From:Herman Miller <hmiller@...>
Date:Saturday, January 27, 2001, 22:35
I recently found the "anyone can be provincial" page
(http://www.trigeminal.com/samples/provincial.html) and noticed that, with
Internet Explorer, if I click on the link, download the Code2000 font, and
set it as the default font for Devanagari, the system actually puts the
Hindi characters in the correct order, and at least attempts to handle some
of the ligatures. After some playing around with copy & paste, I noticed
that WordPad also handles specialized fonts like this, but unfortunately
Word 2000 doesn't. Still, if I could get WordPad and Internet Explorer to
work with OpenType fonts, I might finally be able to handle Olaetian
ligatures correctly, and for the first time ever be able to create proper
fonts for my old hand-drawn languages. So I looked around on the Microsoft
typography site, and after jumping through all the hoops to get a copy of
their VOLT editor, tried making a simple font with a single ligature.

Nothing happened.

True, the OpenType specification is pretty hard to figure out, and I might
have missed something, but how hard can it be to tell the computer to make
a ligature out of two characters?
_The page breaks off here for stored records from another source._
(* Smoothness of phi is used only through its first two derivatives. *)

lemma smooth_on_twice_differentiable:
  assumes "smooth_on S phi"
  shows "twice_differentiable_on S phi"
  using assms[unfolded smooth_on_def, THEN spec, of 0] assms[unfolded smooth_on_def, THEN spec, of 1]
  by (simp add: twice_differentiable_on_def)

lemma deriv_powr:
  fixes y :: "real \<Rightarrow> real"
  assumes "y x > 0" "y differentiable (at x)"
  shows "deriv (\<lambda>s. y s powr k) x = k * y x powr (k - 1) * deriv y x"
  using assms DERIV_fun_powr[of y "deriv y x" x k]
  by (auto intro: DERIV_imp_deriv simp: DERIV_deriv_iff_real_differentiable)

lemma twice_differentiable_powr:
  assumes S: "open S" and pos: "\<forall>x\<in>S. y x > 0" and y: "twice_differentiable_on S y"
  shows "twice_differentiable_on S (\<lambda>s. y s powr k)"
  unfolding twice_differentiable_on_def
proof (intro ballI conjI)
  fix x assume x: "x \<in> S"
  have dy: "(y has_real_derivative deriv y x) (at x)" and dy': "deriv y differentiable (at x)"
    using y x by (auto simp: twice_differentiable_on_def DERIV_deriv_iff_real_differentiable)
  show "(\<lambda>s. y s powr k) differentiable (at x)"
    using DERIV_fun_powr[OF dy, of k] pos x by (auto simp: real_differentiable_def)
  have "(\<lambda>s. y s powr (k - 1)) differentiable (at x)"
    using DERIV_fun_powr[OF dy, of "k - 1"] pos x by (auto simp: real_differentiable_def)
  then have "(\<lambda>s. k * y s powr (k - 1) * deriv y s) differentiable (at x)"
    using dy' by (intro differentiable_mult differentiable_const)
  moreover have "\<forall>s\<in>S. k * y s powr (k - 1) * deriv y s = deriv (\<lambda>s. y s powr k) s"
    using pos y by (auto simp: deriv_powr twice_differentiable_on_def)
  ultimately show "deriv (\<lambda>s. y s powr k) differentiable (at x)"
    by (rule differentiable_eq_on_open[OF S x, rotated])
qed

lemma power_log_derivatives:
  assumes S: "open S" "x \<in> S" and pos: "\<forall>s\<in>S. y s > 0"
    and y: "twice_differentiable_on S y" and phi: "\<forall>s\<in>S. phi s = y s powr k"
  shows "deriv phi x / phi x = k * (deriv y x / y x)"
    and "deriv (deriv phi) x / phi x =
      k * (k - 1) * (deriv y x / y x)^2 + k * (deriv (deriv y) x / y x)"
proof -
  have yx: "y x > 0" "(y has_real_derivative deriv y x) (at x)"
    "(deriv y has_real_derivative deriv (deriv y) x) (at x)"
    using pos y S by (auto simp: twice_differentiable_on_def DERIV_deriv_iff_real_differentiable)
  have dphi: "\<forall>s\<in>S. deriv phi s = k * y s powr (k - 1) * deriv y s"
    using deriv_eq_on_open[OF S(1) _ phi] pos y
    by (auto simp: deriv_powr twice_differentiable_on_def)
  have "((\<lambda>s. k * y s powr (k - 1) * deriv y s) has_real_derivative
      k * ((k - 1) * y x powr (k - 1 - 1) * deriv y x) * deriv y x
      + k * y x powr (k - 1) * deriv (deriv y) x) (at x)"
    using DERIV_fun_powr[OF yx(2) yx(1), of "k - 1"] yx
    by (auto intro!: derivative_eq_intros)
  then have "deriv (\<lambda>s. k * y s powr (k - 1) * deriv y s) x =
      k * ((k - 1) * y x powr (k - 1 - 1) * deriv y x) * deriv y x
      + k * y x powr (k - 1) * deriv (deriv y) x"
    by (rule DERIV_imp_deriv)
  then have ddphi: "deriv (deriv phi) x = k * (k - 1) * y x powr (k - 2) * (deriv y x)^2
      + k * y x powr (k - 1) * deriv (deriv y) x"
    using deriv_eq_on_open[OF S(1) S(2) dphi] by (simp add: algebra_simps power2_eq_square)
  have powers: "y x powr (k - 1) = y x powr k / y x" "y x powr (k - 2) = y x powr k / (y x)^2"
    using yx(1) by (simp_all add: powr_diff power2_eq_square)
  have "y x powr k > 0"
    using yx(1) by simp
  then show "deriv phi x / phi x = k * (deriv y x / y x)"
    and "deriv (deriv phi) x / phi x =
      k * (k - 1) * (deriv y x / y x)^2 + k * (deriv (deriv y) x / y x)"
    using phi dphi S ddphi powers by (simp_all add: field_simps power2_eq_square)
qed

lemma zero_derivative_const:
  fixes f :: "real \<Rightarrow> real"
  assumes "\<forall>x\<in>{a<..<b}. (f has_real_derivative 0) (at x)"
  shows "\<exists>C. \<forall>x\<in>{a<..<b}. f x = C"
  using assms by (intro has_field_derivative_zero_constant) (auto intro: has_field_derivative_at_within)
I went over and over the documentation
and tried a bunch of random things that didn't have any effect. Could it be
that Internet Explorer and WordPad are hard-coded to do special processing
only with Arabic and Devanagari scripts? Could it be something to do with
Windows 98? I know Windows 2000 is _supposed_ to be better with Unicode,
but I don't want to spend a lot of money upgrading and find out that it
doesn't make any difference. Besides, I _really_ don't like upgrading the
operating system if I don't have to. Too many things can go wrong.

Has anyone had any experience with editing OpenType fonts?